One of the dogs slipped out of his fingers and rolled away, picking up lint as it went.

“Fucking butterfingers today, my guy.”

“Don’t you fucking mop in here?”

“You’re paying for that roller dog.”

“Like hell.”

Jeff bent down to pick up the runaway dog. The very second he decided he didn’t want to pick up the floor meat with his bare hands, the front door to the Gulp ‘n’ Go opened with a jingle and a bang.

“Open the register and give me the money!
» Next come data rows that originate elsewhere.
lemma homeomorphic_map_restrict_blocks:
  assumes disj: "disjoint_family_on A I"
    and T: "\<And>i. i \<in> I \<Longrightarrow> T i \<subseteq> topspace (product_topology X (A i))"
  shows "homeomorphic_map
           (subtopology (product_topology X (\<Union>i\<in>I. A i))
              {x \<in> extensional (\<Union>i\<in>I. A i). \<forall>i\<in>I. restrict x (A i) \<in> T i})
           (product_topology (\<lambda>i. subtopology (product_topology X (A i)) (T i)) I)
           (\<lambda>x. \<lambda>i\<in>I. restrict x (A i))"
    (is "homeomorphic_map (subtopology ?P ?S) ?Q ?F")
proof -
  have topQ: "topspace ?Q = (\<Pi>\<^sub>E i\<in>I. T i)"
    using T by (auto simp: PiE_iff)
  have restrict_glue: "restrict (glue_blocks A I y) (A i) = y i" if "y \<in> topspace ?Q" "i \<in> I" for y i
  proof -
    have "y i \<in> topspace (product_topology X (A i))"
      using that T unfolding topQ by blast
    then have "y i \<in> extensional (A i)"
      by (simp add: PiE_iff)
    then show ?thesis
      by (rule restrict_glue_blocks[OF disj \<open>i \<in> I\<close>])
  qed
  have "continuous_map (subtopology ?P ?S) ?Q ?F"
  proof (subst continuous_map_componentwise, intro conjI ballI)
    show "?F ` topspace (subtopology ?P ?S) \<subseteq> extensional I"
      by auto
  next
    fix i assume "i \<in> I"
    then have "continuous_map (subtopology ?P ?S) (product_topology X (A i)) (\<lambda>x. restrict x (A i))"
      by (intro continuous_map_from_subtopology continuous_map_restrict) auto
    then show "continuous_map (subtopology ?P ?S) (subtopology (product_topology X (A i)) (T i)) (\<lambda>x. ?F x i)"
      using \<open>i \<in> I\<close> by (auto simp: continuous_map_in_subtopology)
  qed
  moreover have "continuous_map ?Q (subtopology ?P ?S) (glue_blocks A I)"
  proof -
    have "continuous_map ?Q ?P (glue_blocks A I)"
      using continuous_map_from_subtopology[OF continuous_map_glue_blocks[OF disj], where S="\<Pi>\<^sub>E i\<in>I. T i"]
      by (simp add: subtopology_product_topology)
    moreover have "glue_blocks A I y \<in> ?S" if "y \<in> topspace ?Q" for y
      using that restrict_glue unfolding topQ by (auto simp: glue_blocks_def)
    ultimately show ?thesis
      by (auto simp: continuous_map_in_subtopology)
  qed
  moreover have "glue_blocks A I (?F x) = x" if "x \<in> topspace (subtopology ?P ?S)" for x
  proof
    fix v
    show "glue_blocks A I (?F x) v = x v"
    proof (cases "v \<in> (\<Union>i\<in>I. A i)")
      case True
      then obtain i where "i \<in> I" "v \<in> A i" by blast
      then show ?thesis
        by (simp add: glue_blocks_apply[OF disj])
    next
      case False
      with that show ?thesis
        by (simp add: glue_blocks_def extensional_def)
    qed
  qed
  moreover have "?F (glue_blocks A I y) = y" if "y \<in> topspace ?Q" for y
  proof
    fix i
    show "?F (glue_blocks A I y) i = y i"
      using that restrict_glue unfolding topQ by (cases "i \<in> I") (auto simp: extensional_def)
  qed
  ultimately show ?thesis
    unfolding homeomorphic_map_maps homeomorphic_maps_def by blast
qed

text \<open>For y on the boundary of the cube [0,1]^A, with m and M its minimum and maximum on A,
either m = 0 or M = 1, and s = m + M - 1 equals M - 1 \<le> 0 in the first case and m \<ge> 0 in the
second. The map rescales y - m with a slope in [0, 1 + t] and adds the offset
max 0 ((1 + t) s - t). When s \<le> 0 the offset vanishes, so the minimum stays 0, and at t = 1
the slope vanishes as well; whenever the offset is positive the slope is 1 + t, which keeps the
maximum at 1.\<close>

definition collapse :: "real \<Rightarrow> 'a set \<Rightarrow> ('a \<Rightarrow> real) \<Rightarrow> 'a \<Rightarrow> real" where
  "collapse t A y =
     (let m = Min (y ` A); s = m + Max (y ` A) - 1
      in (\<lambda>v\<in>A. min 1 (min (1 + t) (1 - t + 4 * max 0 s) * (y v - m) + max 0 ((1 + t) * s - t))))"

lemma collapse_slope:
  fixes s t :: real
  assumes "0 \<le> t" "t \<le> 1" "t < (1 + t) * s"
  shows "min (1 + t) (1 - t + 4 * max 0 s) = 1 + t"
proof -
  have "0 < s"
    using assms by (smt (verit) mult_nonneg_nonpos)
  moreover have "(1 + t) * s \<le> 2 * s"
    using assms \<open>0 < s\<close> by (intro mult_right_mono) auto
  ultimately have "t < 2 * s"
    using assms by linarith
  with \<open>0 < s\<close> show ?thesis
    by simp
qed

locale cube_boundary_point =
  fixes A :: "'a set" and y :: "'a \<Rightarrow> real"
  assumes finite_vertices: "finite A" and on_boundary: "restrict y A \<in> rmac A (bdry_simplex A)"
begin

abbreviation "m \<equiv> Min (y ` A)"
abbreviation "M \<equiv> Max (y ` A)"

lemma nonempty: "A \<noteq> {}"
  using on_boundary by (auto simp: rmac_bdry_simplex)

lemma in_unit_interval: "v \<in> A \<Longrightarrow> 0 \<le> y v \<and> y v \<le> 1"
  using on_boundary by (auto simp: rmac_bdry_simplex)

lemma min_le: "v \<in> A \<Longrightarrow> m \<le> y v"
  using finite_vertices by simp

lemma le_max: "v \<in> A \<Longrightarrow> y v \<le> M"
  using finite_vertices by simp

lemma min_attained: obtains v where "v \<in> A" "y v = m"
proof -
  have "m \<in> y ` A"
    using finite_vertices nonempty by (intro Min_in) auto
  with that show thesis by (metis imageE)
qed

lemma max_attained: obtains v where "v \<in> A" "y v = M"
proof -
  have "M \<in> y ` A"
    using finite_vertices nonempty by (intro Max_in) auto
  with that show thesis by (metis imageE)
qed

lemma min_nonneg: "0 \<le> m"
  by (metis min_attained in_unit_interval)

lemma max_le_one: "M \<le> 1"
  by (metis max_attained in_unit_interval)

lemma min_zero_or_max_one: "m = 0 \<or> M = 1"
proof -
  obtain w where "w \<in> A" "y w = 0 \<or> y w = 1"
    using on_boundary by (auto simp: rmac_bdry_simplex)
  then show ?thesis
    using min_le[of w] le_max[of w] min_nonneg max_le_one by auto
qed

lemma has_zero_iff: "(\<exists>v\<in>A. y v = 0) \<longleftrightarrow> m = 0"
  by (metis min_attained min_le min_nonneg order_antisym)

abbreviation "height \<equiv> m + M - 1"

lemma collapse_eq:
  "v \<in> A \<Longrightarrow> collapse t A y v =
     min 1 (min (1 + t) (1 - t + 4 * max 0 height) * (y v - m) + max 0 ((1 + t) * height - t))"
  by (simp add: collapse_def Let_def)

lemma height_cases: "(m = 0 \<and> height \<le> 0) \<or> (M = 1 \<and> height = m)"
  using min_zero_or_max_one max_le_one by auto

lemma collapse_offset_zero:
  assumes "m = 0" "0 \<le> t"
  shows "max 0 ((1 + t) * height - t) = 0"
proof -
  have "(1 + t) * height \<le> 0"
    using height_cases assms by (auto intro: mult_nonneg_nonpos)
  with assms show ?thesis by simp
qed

lemma collapse_in_rmac:
  assumes t: "0 \<le> t" "t \<le> 1"
  shows "collapse t A y \<in> rmac A (bdry_simplex A)"
proof -
  define R where "R = min (1 + t) (1 - t + 4 * max 0 height)"
  define P where "P = max 0 ((1 + t) * height - t)"
  have val: "v \<in> A \<Longrightarrow> collapse t A y v = min 1 (R * (y v - m) + P)" for v
    by (simp add: collapse_eq R_def P_def)
  have "0 \<le> collapse t A y v \<and> collapse t A y v \<le> 1" if "v \<in> A" for v
  proof -
    have "0 \<le> R" "0 \<le> y v - m" "0 \<le> P"
      using t min_le[OF that] by (auto simp: R_def P_def)
    then show ?thesis
      by (simp add: val[OF that])
  qed
  moreover have "\<exists>v\<in>A. collapse t A y v \<in> {0,1}"
  proof (cases "(1 + t) * height \<le> t")
    case True
    obtain u where "u \<in> A" "y u = m" by (rule min_attained)
    with True show ?thesis
      by (intro bexI[of _ u]) (auto simp: val P_def)
  next
    case False
    then have "0 < (1 + t) * height"
      using t by linarith
    then have "M = 1" "height = m"
      using height_cases t by (auto simp: zero_less_mult_iff)
    obtain u where "u \<in> A" "y u = M" by (rule max_attained)
    have "R = 1 + t" "P = (1 + t) * m - t"
      using collapse_slope t False \<open>height = m\<close> by (auto simp: R_def P_def)
    then have "collapse t A y u = 1"
      using \<open>u \<in> A\<close> \<open>y u = M\<close> \<open>M = 1\<close> by (simp add: val algebra_simps)
    with \<open>u \<in> A\<close> show ?thesis by blast
  qed
  moreover have "collapse t A y \<in> extensional A"
    by (simp add: collapse_def Let_def)
  ultimately show ?thesis
    unfolding rmac_bdry_simplex by auto
qed

lemma collapse_0: "collapse 0 A y = restrict y A"
proof
  fix v
  have "max 0 height = m"
    using height_cases min_nonneg by auto
  then show "collapse 0 A y v = restrict y A v"
    using in_unit_interval[of v] by (cases "v \<in> A") (auto simp: collapse_eq collapse_def)
qed

lemma collapse_keeps_zero:
  assumes "\<exists>v\<in>A. y v = 0" "0 \<le> t"
  shows "\<exists>v\<in>A. collapse t A y v = 0"
proof -
  obtain u where "u \<in> A" "y u = m" by (rule min_attained)
  then show ?thesis
    using collapse_offset_zero assms has_zero_iff by (intro bexI[of _ u]) (auto simp: collapse_eq)
qed

lemma collapse_zero:
  assumes "\<forall>v\<in>A. y v = 0" "0 \<le> t"
  shows "\<forall>v\<in>A. collapse t A y v = 0"
  using collapse_offset_zero assms has_zero_iff nonempty by (auto simp: collapse_eq)

lemma collapse_1:
  assumes "\<exists>v\<in>A. y v = 0"
  shows "\<forall>v\<in>A. collapse 1 A y v = 0"
proof -
  have "m = 0" "height \<le> 0"
    using assms has_zero_iff height_cases by auto
  then show ?thesis
    using collapse_offset_zero[of 1] by (auto simp: collapse_eq)
qed

end

lemma continuous_map_Min:
  assumes "finite I" "I \<noteq> {}" "\<And>i. i \<in> I \<Longrightarrow> continuous_map X euclideanreal (f i)"
  shows "continuous_map X euclideanreal (\<lambda>x. Min ((\<lambda>i. f i x) ` I))"
  using assms
proof (induction I rule: finite_ne_induct)
  case (insert i I)
  then show ?case
    by (simp add: Min_insert continuous_map_real_min)
qed simp

lemma continuous_map_Max:
  assumes "finite I" "I \<noteq> {}" "\<And>i. i \<in> I \<Longrightarrow> continuous_map X euclideanreal (f i)"
  shows "continuous_map X euclideanreal (\<lambda>x. Max ((\<lambda>i. f i x) ` I))"
  using assms
proof (induction I rule: finite_ne_induct)
  case (insert i I)
  then show ?case
    by (simp add: Max_insert continuous_map_real_max)
qed simp

lemma continuous_map_collapse:
  assumes "finite A" "A \<noteq> {}" "A \<subseteq> W"
  shows "continuous_map (prod_topology euclideanreal (product_topology (\<lambda>_. euclideanreal) W))
           (product_topology (\<lambda>_. euclideanreal) A) (\<lambda>p. collapse (fst p) A (snd p))"
proof (subst continuous_map_componentwise, intro conjI ballI)
  let ?Z = "prod_topology euclideanreal (product_topology (\<lambda>_. euclideanreal) W)"
  show "(\<lambda>p. collapse (fst p) A (snd p)) ` topspace ?Z \<subseteq> extensional A"
    by (auto simp: collapse_def Let_def)
  have coord: "continuous_map ?Z euclideanreal (\<lambda>p. snd p u)" if "u \<in> A" for u
    using that assms(3) by (auto intro!: continuous_intros)
  have extremes: "continuous_map ?Z euclideanreal (\<lambda>p. Min (snd p ` A))"
    "continuous_map ?Z euclideanreal (\<lambda>p. Max (snd p ` A))"
    using continuous_map_Min[of A ?Z "\<lambda>u p. snd p u"] continuous_map_Max[of A ?Z "\<lambda>u p. snd p u"]
      assms coord by auto
  fix v assume "v \<in> A"
  then show "continuous_map ?Z euclideanreal (\<lambda>p. collapse (fst p) A (snd p) v)"
    by (simp add: collapse_def Let_def) (intro continuous_intros extremes coord; simp)
qed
I’m not messing around here, do it!”

Jeff rose enough to be able to see over the snack cake shelf. Ricky, behind the counter, hands up and eyes wide and frozen to his spot like the AC had blown out. In front of him was someone Jeff had never seen before. Not a resident of Two Oranges. Not a tourist either. Whiter than him. Scragglier hair than him. An all-around worse version of him, to be honest. Jeff had never been a guns guy, so he didn’t know what he had pointed at Ricky. Except that it was a gun. And it was pointed directly at Ricky’s face.

“Are you fucking deaf?” The worse version of Jeff screamed. He pointed the gun at the ceiling and fired, raining plaster down on the two of them and making Ricky scream. “Open the God-damned register!”

It was one thing to rob a convenience store. Hell, some people might think that was the point of these things. Money easier than the bank. But to actually fire a gun? Fuck, to actually load the thing? Jeff had robbed a few in his time and most of the time he just made a finger gun in his pocket.

“What kind-”

He was going to say what kind of turd robs a convenience store with a loaded gun. Talk him down. But talking had never been one of Jeff’s strong suits and he didn’t realize that Worse Jeff didn’t even know he was there.

Worse Jeff spun hard on his heels and fired directly into Jeff’s chest.

Ricky screamed again. Worse Jeff stared at him. Gunsmoke turned the room hazy and made it smell like farts.

Jeff looked down at his chest. At the hole in his t-shirt. He pulled the shirt away from him by the bottom to get a better look at it.

“Fuck. This was one of my favorite shirts.”

Underneath the shirt, Jeff’s chest did not have a hole in it. It was fine. Well, as fine as it ever got.

“God shitting damn it.”

“You’re…you’re a…”

“Don’t say it.”

“You’re a su-”

Jeff punched him in the jaw. Worse Jeff had become so entranced by the hole in Jeff’s shirt and the lack of hole in Jeff’s chest that he never saw it coming. He only wanted the moron to shut up. Well, he did shut up. As he collapsed onto the ground.

“Ah, shit,” Jeff muttered.

Behind the counter, Ricky was still standing with his arms up. Frozen. Not because of Worse Jeff, though. Because of Jeff. Because of what Jeff had done. Because of the hole in his shirt, and not in his chest.

Fuck me.

“Ricky. Ricky? You in there, Ricky?”

“You’re-”

“No. No, I’m not. Do you see a leotard? A suit with spangles? You ever seen my face on a t-shirt?”

Ricky shook his head, his hands finally coming down. “No. No, but-”

“I’m not, and I’m not going to be, neither. We’re going to be keeping this between ourselves, okay? Ricky, I need you to nod your head.”

Ricky did as he was told.

“You’re going to be cool about this?”

Ricky nodded again.

“Okay. Good.”

Jeff gathered his Slushee and some fresh rollers, forgoing the six pack and scratchers and movie. He had to force Ricky to take the cash, stepping over the turd still knocked out on the ground.

“Call Muncie,” Jeff said. “Tell him…tell him he slipped in Slushee. But you don’t tell him I was here, you got it? Be cool.”

Ricky nodded wordlessly again, and Jeff left out the front with the distinct feeling that Ricky was not going to be cool.